ACTION ITEM: Take each line below that has "Defs" and copy it.

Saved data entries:
____

(* Let $(G,c)$ be a metric TSP instance with $n\ge 3$ cities and let $T^*$ be a shortest tour. Then every 2-optimal tour $T'$ satisfies $c(T') \le \sqrt{n/2}\, c(T^* )$.
   Context: A metric TSP instance with $n$ cities consists of a complete undirected graph $G$ on $n$ vertices together with $c: E(G)\to\mathbb{R}_{\ge 0}$ satisfying the triangle inequality $c(x,y)+c(y,z)\ge c(x,z)$. A tour is a cycle containing all vertices; its length is the sum of its edge lengths. Tours are regarded as oriented cycles. A tour is 2-optimal if for all pairs of edges $(a,b),(x,y)$ of the oriented tour, $c(a,x)+c(b,y)\ge c(a,b)+c(x,y)$. *)

theory Defs
  imports Complex_Main
begin

text \<open>A metric TSP instance on the finite city set V: edge lengths c on pairs of
distinct cities, nonnegative, symmetric, satisfying the triangle inequality.
Values c x x (loops) play no role.\<close>
definition metric_tsp :: "'a set \<Rightarrow> ('a \<Rightarrow> 'a \<Rightarrow> real) \<Rightarrow> bool" where
  "metric_tsp V c \<longleftrightarrow> finite V \<and>
     (\<forall>x\<in>V. \<forall>y\<in>V. x \<noteq> y \<longrightarrow> c x y \<ge> 0 \<and> c x y = c y x) \<and>
     (\<forall>x\<in>V. \<forall>y\<in>V. \<forall>z\<in>V. x \<noteq> y \<and> y \<noteq> z \<and> x \<noteq> z \<longrightarrow> c x y + c y z \<ge> c x z)"

text \<open>An (oriented) tour is a list enumerating all cities exactly once,
read cyclically: T!0, T!1, ..., T!(n-1), T!0.\<close>
definition is_tour :: "'a set \<Rightarrow> 'a list \<Rightarrow> bool" where
  "is_tour V T \<longleftrightarrow> distinct T \<and> set T = V"

definition tour_length :: "('a \<Rightarrow> 'a \<Rightarrow> real) \<Rightarrow> 'a list \<Rightarrow> real" where
  "tour_length c T = (\<Sum>i<length T. c (T ! i) (T ! ((i + 1) mod length T)))"

definition two_optimal :: "('a \<Rightarrow> 'a \<Rightarrow> real) \<Rightarrow> 'a list \<Rightarrow> bool" where
  "two_optimal c T \<longleftrightarrow>
     (\<forall>i<length T. \<forall>j<length T. i \<noteq> j \<longrightarrow>
        (let a = T ! i; b = T ! ((i + 1) mod length T);
             x = T ! j; y = T ! ((j + 1) mod length T)
         in c a x + c b y \<ge> c a b + c x y))"

end

theory Submission
  imports Defs "HOL-Analysis.Analysis"
begin

text \<open>
Walking around any tour \<open>w\<close> of length \<open>L\<close> places the cities on a circle of circumference \<open>L\<close>
so that, by the triangle inequality, \<open>c\<close> is dominated by the circular distance \<open>d\<close>.
Let the 2-optimal tour consist of the edges \<open>(a\<^sub>i, b\<^sub>i)\<close> of length \<open>r\<^sub>i\<close>; 2-optimality gives
\<open>r\<^sub>i + r\<^sub>j \<le> d(a\<^sub>i, a\<^sub>j) + d(b\<^sub>i, b\<^sub>j)\<close>. Hence for every point \<open>s\<close> of the circle the arcs of
radius \<open>max 0 (r\<^sub>i - d(s, a\<^sub>i))\<close> around the \<open>b\<^sub>i\<close> are disjoint, so their diameters add up to at
most \<open>L\<close>. Integrating over \<open>s\<close> yields \<open>2 \<Sum> r\<^sub>i\<^sup>2 \<le> L\<^sup>2\<close>, and Cauchy-Schwarz turns this into
\<open>\<Sum> r\<^sub>i \<le> sqrt (n/2) L\<close>.
\<close>

definition circ_dist :: "real \<Rightarrow> real \<Rightarrow> real \<Rightarrow> real" where
  "circ_dist L x y = min \<bar>x - y\<bar> (L - \<bar>x - y\<bar>)"

lemma circ_dist_commute: "circ_dist L x y = circ_dist L y x"
  unfolding circ_dist_def by (simp add: abs_minus_commute)

lemma circ_dist_le_half: "circ_dist L x y \<le> L / 2"
  unfolding circ_dist_def by (simp add: min_def)

lemma circ_dist_nonneg: "x \<in> {0..L} \<Longrightarrow> y \<in> {0..L} \<Longrightarrow> 0 \<le> circ_dist L x y"
  unfolding circ_dist_def by (simp add: min_def abs_if)

lemma circ_dist_triangle:
  "x \<in> {0..L} \<Longrightarrow> y \<in> {0..L} \<Longrightarrow> z \<in> {0..L} \<Longrightarrow>
   circ_dist L x z \<le> circ_dist L x y + circ_dist L y z"
  unfolding circ_dist_def by (simp add: min_def abs_if split: if_splits)

section \<open>Disjoint arcs on a circle\<close>

lemma sum_diameters_le_line_span:
  fixes x \<rho> :: "'i \<Rightarrow> real"
  assumes "finite S"
    and "\<And>i j. i \<in> S \<Longrightarrow> j \<in> S \<Longrightarrow> i \<noteq> j \<Longrightarrow> \<rho> i + \<rho> j \<le> \<bar>x i - x j\<bar>"
  shows "S \<noteq> {} \<Longrightarrow> \<exists>i0\<in>S. \<exists>j0\<in>S. (\<forall>k\<in>S. x i0 \<le> x k \<and> x k \<le> x j0) \<and>
           (\<Sum>k\<in>S. 2 * \<rho> k) \<le> x j0 - x i0 + \<rho> i0 + \<rho> j0"
  using assms
proof (induction S rule: finite_ranking_induct[where f = x])
  case empty
  then show ?case by simp
next
  case (insert t S)
  consider "t \<in> S" | "S = {}" | "t \<notin> S" "S \<noteq> {}" by blast
  then show ?case
  proof cases
    case 1
    then show ?thesis using insert by (simp add: insert_absorb)
  next
    case 2
    then show ?thesis by simp
  next
    case 3
    then obtain i0 j0 where ij: "i0 \<in> S" "j0 \<in> S" "\<forall>k\<in>S. x i0 \<le> x k \<and> x k \<le> x j0"
      "(\<Sum>k\<in>S. 2 * \<rho> k) \<le> x j0 - x i0 + \<rho> i0 + \<rho> j0"
      using insert.IH insert.prems by (metis insertCI)
    have "\<rho> j0 + \<rho> t \<le> \<bar>x j0 - x t\<bar>" "x j0 \<le> x t"
      using insert.prems insert.hyps ij 3 by (metis insertCI)+
    moreover have "(\<Sum>k\<in>insert t S. 2 * \<rho> k) = 2 * \<rho> t + (\<Sum>k\<in>S. 2 * \<rho> k)"
      using 3 insert.hyps by simp
    ultimately have "(\<Sum>k\<in>insert t S. 2 * \<rho> k) \<le> x t - x i0 + \<rho> i0 + \<rho> t"
      using ij by linarith
    moreover have "\<forall>k\<in>insert t S. x i0 \<le> x k \<and> x k \<le> x t"
      using ij insert.hyps by force
    ultimately show ?thesis using ij by blast
  qed
qed

lemma sum_diameters_le_circumference:
  fixes x \<rho> :: "'i \<Rightarrow> real"
  assumes "finite I" "0 \<le> L" and \<rho>: "\<And>i. i \<in> I \<Longrightarrow> 0 \<le> \<rho> i \<and> 2 * \<rho> i \<le> L"
    and packing: "\<And>i j. i \<in> I \<Longrightarrow> j \<in> I \<Longrightarrow> i \<noteq> j \<Longrightarrow> 0 < \<rho> i \<Longrightarrow> 0 < \<rho> j \<Longrightarrow>
      \<rho> i + \<rho> j \<le> circ_dist L (x i) (x j)"
  shows "(\<Sum>i\<in>I. 2 * \<rho> i) \<le> L"
proof -
  define J where "J = {i\<in>I. 0 < \<rho> i}"
  have "finite J" using assms(1) by (simp add: J_def)
  have sum_J: "(\<Sum>i\<in>I. 2 * \<rho> i) = (\<Sum>i\<in>J. 2 * \<rho> i)"
    by (rule sum.mono_neutral_right) (use assms(1) in \<open>auto simp: J_def less_le dest: \<rho>\<close>)
  show ?thesis
  proof (cases "J = {}")
    case True
    then show ?thesis using sum_J assms(2) by simp
  next
    case False
    have "\<rho> i + \<rho> j \<le> \<bar>x i - x j\<bar>" if "i \<in> J" "j \<in> J" "i \<noteq> j" for i j
      using packing[of i j] that by (auto simp: J_def circ_dist_def)
    then obtain i0 j0 where ij: "i0 \<in> J" "j0 \<in> J" "\<forall>k\<in>J. x i0 \<le> x k \<and> x k \<le> x j0"
      "(\<Sum>k\<in>J. 2 * \<rho> k) \<le> x j0 - x i0 + \<rho> i0 + \<rho> j0"
      using sum_diameters_le_line_span[OF \<open>finite J\<close>] False by blast
    show ?thesis
    proof (cases "i0 = j0")
      case True
      then show ?thesis using ij \<rho>[of j0] sum_J by (simp add: J_def)
    next
      case False
      \<comment> \<open>the two extreme arcs are also separated the other way round the circle\<close>
      have "\<rho> i0 + \<rho> j0 \<le> L - \<bar>x i0 - x j0\<bar>"
        using packing[of i0 j0] ij False by (auto simp: J_def circ_dist_def)
      then show ?thesis using ij sum_J by auto
    qed
  qed
qed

____

ANSWER SPACE:
theory Defs
  imports Defs "HOL-Analysis.Analysis"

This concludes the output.